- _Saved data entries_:
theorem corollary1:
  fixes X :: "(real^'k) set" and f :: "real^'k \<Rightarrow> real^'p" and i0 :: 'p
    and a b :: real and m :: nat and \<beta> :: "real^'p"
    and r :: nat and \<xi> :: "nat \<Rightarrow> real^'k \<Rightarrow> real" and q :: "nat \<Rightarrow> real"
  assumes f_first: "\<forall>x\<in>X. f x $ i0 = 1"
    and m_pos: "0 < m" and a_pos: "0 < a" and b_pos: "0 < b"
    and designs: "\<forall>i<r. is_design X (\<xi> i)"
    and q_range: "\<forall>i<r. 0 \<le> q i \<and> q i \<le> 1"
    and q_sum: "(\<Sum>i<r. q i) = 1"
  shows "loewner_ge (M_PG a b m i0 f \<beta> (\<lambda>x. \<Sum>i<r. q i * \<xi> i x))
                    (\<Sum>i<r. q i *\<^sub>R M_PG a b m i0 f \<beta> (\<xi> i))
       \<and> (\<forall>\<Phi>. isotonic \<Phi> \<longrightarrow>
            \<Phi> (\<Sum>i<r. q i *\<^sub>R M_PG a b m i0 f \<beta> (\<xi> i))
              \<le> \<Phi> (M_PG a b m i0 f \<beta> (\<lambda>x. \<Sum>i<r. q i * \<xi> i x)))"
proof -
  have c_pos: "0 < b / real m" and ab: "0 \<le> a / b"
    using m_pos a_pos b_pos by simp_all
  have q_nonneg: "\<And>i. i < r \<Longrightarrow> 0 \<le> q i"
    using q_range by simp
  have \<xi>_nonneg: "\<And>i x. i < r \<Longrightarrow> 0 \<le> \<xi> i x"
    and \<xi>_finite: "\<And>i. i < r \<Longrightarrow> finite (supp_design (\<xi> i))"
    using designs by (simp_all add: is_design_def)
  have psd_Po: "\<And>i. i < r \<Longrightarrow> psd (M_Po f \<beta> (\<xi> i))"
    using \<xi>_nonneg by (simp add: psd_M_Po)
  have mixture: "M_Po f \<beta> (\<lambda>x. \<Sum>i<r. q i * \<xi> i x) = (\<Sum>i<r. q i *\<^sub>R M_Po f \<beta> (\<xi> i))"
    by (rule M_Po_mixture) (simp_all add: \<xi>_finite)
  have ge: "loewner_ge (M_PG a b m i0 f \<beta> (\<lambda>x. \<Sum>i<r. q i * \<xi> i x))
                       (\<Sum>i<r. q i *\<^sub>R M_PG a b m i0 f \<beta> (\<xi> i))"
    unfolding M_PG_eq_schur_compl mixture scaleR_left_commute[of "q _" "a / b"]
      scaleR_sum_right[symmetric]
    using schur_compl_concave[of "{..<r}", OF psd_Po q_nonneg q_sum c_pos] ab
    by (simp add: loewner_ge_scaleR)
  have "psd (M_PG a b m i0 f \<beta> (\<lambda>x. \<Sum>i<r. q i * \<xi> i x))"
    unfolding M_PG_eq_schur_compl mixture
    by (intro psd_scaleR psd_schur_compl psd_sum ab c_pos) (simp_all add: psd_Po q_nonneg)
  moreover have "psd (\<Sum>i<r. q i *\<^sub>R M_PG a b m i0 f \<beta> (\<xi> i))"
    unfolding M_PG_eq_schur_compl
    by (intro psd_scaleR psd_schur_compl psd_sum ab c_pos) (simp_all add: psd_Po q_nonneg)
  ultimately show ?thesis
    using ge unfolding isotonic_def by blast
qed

==

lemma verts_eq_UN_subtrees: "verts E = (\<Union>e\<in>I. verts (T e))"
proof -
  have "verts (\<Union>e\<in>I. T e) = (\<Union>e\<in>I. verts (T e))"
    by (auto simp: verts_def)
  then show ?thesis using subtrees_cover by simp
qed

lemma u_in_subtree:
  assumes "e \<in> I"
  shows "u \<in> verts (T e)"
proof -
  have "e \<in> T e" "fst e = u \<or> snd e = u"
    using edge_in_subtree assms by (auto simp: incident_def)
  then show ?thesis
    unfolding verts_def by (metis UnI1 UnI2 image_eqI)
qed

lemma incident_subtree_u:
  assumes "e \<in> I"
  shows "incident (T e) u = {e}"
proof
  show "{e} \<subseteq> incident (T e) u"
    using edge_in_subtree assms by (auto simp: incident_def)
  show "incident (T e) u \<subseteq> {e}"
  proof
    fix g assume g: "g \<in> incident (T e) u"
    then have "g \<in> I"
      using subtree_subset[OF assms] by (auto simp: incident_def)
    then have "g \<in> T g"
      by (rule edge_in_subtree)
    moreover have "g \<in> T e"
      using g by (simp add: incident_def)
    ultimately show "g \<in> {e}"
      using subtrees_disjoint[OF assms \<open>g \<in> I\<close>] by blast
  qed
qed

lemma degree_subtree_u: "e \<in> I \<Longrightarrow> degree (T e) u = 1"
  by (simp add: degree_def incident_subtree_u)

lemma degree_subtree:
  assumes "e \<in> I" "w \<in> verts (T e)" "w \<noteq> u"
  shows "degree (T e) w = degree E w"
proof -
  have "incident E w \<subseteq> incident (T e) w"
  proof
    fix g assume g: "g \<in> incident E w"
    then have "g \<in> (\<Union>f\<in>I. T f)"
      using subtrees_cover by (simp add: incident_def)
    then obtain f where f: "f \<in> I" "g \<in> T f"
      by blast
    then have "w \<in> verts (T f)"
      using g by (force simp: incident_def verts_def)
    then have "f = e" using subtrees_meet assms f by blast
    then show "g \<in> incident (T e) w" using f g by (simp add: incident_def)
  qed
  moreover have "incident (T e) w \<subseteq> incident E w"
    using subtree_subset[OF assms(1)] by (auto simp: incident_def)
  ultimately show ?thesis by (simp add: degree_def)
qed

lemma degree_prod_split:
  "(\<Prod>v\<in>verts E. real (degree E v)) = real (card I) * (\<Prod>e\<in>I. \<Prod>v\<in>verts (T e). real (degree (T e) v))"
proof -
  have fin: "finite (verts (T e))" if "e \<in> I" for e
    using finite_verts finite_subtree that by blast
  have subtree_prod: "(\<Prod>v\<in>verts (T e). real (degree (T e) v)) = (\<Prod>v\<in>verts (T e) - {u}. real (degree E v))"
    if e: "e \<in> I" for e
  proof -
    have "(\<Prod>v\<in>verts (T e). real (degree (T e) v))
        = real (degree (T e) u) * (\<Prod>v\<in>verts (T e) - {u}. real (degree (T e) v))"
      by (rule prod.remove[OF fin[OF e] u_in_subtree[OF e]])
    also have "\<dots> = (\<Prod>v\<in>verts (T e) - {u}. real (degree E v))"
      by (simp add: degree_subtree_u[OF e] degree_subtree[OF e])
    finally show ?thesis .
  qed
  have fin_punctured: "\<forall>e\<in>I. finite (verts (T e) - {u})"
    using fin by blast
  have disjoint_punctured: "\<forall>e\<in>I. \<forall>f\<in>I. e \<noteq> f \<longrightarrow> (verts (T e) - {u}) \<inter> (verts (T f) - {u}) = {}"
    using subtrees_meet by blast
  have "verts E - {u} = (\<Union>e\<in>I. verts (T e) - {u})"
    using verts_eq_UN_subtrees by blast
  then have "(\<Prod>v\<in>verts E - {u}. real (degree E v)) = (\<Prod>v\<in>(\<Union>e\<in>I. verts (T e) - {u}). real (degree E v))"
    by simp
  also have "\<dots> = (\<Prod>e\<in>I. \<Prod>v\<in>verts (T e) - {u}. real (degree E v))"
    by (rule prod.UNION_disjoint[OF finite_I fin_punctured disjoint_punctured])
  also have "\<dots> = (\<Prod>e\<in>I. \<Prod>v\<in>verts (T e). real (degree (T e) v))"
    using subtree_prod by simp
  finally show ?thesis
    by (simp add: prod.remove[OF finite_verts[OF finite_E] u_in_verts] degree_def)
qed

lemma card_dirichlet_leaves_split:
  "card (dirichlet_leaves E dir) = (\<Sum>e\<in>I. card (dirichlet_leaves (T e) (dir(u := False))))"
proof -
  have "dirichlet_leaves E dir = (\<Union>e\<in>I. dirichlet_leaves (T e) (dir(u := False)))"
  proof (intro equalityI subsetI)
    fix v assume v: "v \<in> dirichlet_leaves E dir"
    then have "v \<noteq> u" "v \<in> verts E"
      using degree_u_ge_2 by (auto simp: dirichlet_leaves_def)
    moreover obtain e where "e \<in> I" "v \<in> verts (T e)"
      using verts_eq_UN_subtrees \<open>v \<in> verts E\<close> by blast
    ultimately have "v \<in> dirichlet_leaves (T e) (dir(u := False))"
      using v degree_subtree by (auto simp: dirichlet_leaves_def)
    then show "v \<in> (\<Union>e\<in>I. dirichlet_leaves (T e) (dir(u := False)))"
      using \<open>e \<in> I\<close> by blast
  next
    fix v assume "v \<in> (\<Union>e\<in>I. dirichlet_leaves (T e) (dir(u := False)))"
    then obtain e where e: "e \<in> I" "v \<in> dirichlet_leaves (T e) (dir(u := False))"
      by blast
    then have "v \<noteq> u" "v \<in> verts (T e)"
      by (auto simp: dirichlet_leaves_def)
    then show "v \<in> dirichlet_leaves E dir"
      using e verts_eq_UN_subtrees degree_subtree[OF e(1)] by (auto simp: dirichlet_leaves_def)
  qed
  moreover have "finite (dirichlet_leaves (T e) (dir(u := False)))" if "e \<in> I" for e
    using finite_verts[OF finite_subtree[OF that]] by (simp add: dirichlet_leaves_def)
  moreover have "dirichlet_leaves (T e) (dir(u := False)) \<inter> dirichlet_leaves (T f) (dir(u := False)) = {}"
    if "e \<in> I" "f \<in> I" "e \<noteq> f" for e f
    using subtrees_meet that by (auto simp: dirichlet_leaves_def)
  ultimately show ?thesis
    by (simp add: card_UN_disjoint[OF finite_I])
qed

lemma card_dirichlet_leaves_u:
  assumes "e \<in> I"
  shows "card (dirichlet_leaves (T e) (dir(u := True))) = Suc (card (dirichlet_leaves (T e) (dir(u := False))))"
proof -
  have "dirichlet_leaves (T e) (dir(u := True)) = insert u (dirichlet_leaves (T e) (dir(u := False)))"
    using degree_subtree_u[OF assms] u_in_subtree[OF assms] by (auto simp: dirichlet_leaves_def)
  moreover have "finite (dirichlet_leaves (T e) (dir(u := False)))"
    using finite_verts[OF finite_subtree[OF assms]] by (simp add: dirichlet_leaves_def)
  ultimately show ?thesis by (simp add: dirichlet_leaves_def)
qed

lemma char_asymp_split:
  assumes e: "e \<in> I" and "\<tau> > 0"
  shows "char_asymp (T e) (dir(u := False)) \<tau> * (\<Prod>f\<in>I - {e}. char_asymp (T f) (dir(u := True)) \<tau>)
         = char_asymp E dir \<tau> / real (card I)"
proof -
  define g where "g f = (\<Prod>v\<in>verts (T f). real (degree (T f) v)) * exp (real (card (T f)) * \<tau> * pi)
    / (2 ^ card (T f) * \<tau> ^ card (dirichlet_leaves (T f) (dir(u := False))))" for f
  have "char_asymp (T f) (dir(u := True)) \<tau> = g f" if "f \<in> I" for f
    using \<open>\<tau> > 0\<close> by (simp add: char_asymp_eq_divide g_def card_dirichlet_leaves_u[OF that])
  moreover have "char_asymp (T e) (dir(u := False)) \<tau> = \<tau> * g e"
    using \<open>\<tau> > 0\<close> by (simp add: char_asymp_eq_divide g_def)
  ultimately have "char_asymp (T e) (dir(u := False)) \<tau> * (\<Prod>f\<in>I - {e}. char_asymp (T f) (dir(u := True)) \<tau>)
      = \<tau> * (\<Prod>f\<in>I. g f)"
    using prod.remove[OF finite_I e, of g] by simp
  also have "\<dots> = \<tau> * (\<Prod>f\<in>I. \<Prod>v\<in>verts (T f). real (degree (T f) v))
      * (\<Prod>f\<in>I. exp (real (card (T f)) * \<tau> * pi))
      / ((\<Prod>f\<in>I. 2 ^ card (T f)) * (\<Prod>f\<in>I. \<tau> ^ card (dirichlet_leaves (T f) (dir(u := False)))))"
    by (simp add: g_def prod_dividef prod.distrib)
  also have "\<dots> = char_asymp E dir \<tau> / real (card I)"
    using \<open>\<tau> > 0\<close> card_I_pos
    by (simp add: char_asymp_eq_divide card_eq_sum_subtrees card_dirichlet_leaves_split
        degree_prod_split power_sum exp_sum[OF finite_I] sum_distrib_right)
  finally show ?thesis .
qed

--

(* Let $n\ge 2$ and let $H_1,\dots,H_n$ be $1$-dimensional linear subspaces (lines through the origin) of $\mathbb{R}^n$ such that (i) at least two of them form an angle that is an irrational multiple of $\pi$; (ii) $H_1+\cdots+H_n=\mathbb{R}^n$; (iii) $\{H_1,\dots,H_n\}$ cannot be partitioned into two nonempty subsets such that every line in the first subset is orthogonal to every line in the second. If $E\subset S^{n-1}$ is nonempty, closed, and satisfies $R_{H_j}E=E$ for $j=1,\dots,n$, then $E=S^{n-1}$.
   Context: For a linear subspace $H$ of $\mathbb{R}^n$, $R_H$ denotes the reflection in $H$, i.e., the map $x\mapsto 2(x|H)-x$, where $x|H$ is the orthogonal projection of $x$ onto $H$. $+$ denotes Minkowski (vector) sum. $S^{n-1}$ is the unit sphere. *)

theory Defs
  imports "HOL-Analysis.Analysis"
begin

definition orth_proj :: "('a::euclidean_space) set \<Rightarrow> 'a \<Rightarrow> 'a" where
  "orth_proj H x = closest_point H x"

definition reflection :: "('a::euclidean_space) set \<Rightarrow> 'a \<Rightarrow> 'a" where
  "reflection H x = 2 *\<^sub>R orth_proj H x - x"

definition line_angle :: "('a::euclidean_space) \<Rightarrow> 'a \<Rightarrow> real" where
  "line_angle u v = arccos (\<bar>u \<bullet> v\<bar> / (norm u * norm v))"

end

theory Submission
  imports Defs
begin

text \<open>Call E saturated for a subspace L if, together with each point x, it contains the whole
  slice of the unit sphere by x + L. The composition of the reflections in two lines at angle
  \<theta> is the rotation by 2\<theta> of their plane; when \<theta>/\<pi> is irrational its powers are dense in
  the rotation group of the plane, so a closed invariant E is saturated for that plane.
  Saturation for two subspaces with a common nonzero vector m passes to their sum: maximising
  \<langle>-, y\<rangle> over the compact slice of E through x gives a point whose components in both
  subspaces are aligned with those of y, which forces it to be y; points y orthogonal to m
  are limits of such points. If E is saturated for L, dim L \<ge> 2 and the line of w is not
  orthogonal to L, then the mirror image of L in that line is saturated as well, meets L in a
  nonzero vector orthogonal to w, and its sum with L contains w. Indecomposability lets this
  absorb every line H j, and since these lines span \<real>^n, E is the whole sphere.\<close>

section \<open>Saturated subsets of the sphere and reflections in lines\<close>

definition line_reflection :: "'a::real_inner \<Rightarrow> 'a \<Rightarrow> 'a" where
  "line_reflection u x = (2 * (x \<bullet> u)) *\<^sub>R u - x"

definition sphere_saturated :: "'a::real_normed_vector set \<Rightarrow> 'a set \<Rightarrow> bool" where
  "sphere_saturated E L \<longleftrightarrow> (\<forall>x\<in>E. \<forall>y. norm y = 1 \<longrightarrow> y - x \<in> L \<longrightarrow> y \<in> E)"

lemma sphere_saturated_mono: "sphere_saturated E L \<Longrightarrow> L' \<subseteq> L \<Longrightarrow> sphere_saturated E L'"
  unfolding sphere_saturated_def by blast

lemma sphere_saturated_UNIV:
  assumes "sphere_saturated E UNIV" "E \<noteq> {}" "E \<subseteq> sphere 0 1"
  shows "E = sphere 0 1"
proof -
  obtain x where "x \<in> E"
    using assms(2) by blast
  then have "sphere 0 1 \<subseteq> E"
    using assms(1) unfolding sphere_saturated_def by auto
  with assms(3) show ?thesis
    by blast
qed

- _Task directions_: Retype only the stretch of lines above starting at the one with "isotonic \<Phi> \<longrightarrow>" and stopping at the one with "0 \<le> \<xi>", exactly as written, with both kept.

- _Solution to the exercise_:
       \<and> (\<forall>\<Phi>. isotonic \<Phi> \<longrightarrow>
            \<Phi> (\<Sum>i<r. q i *\<^sub>R M_PG a b m i0 f \<beta> (\<xi> i))
              \<le> \<Phi> (M_PG a b m i0 f \<beta> (\<lambda>x. \<Sum>i<r. q i * \<xi> i x)))"
proof -
  have c_pos: "0 < b / real m" and ab: "0 \<le> a / b"
    using m_pos a_pos b_pos by simp_all
  have q_nonneg: "\<And>i. i < r \<Longrightarrow> 0 \<le> q i"
    using q_range by simp
  have \<xi>_nonneg: "\<And>i x. i < r \<Longrightarrow> 0 \<le> \<xi> i x"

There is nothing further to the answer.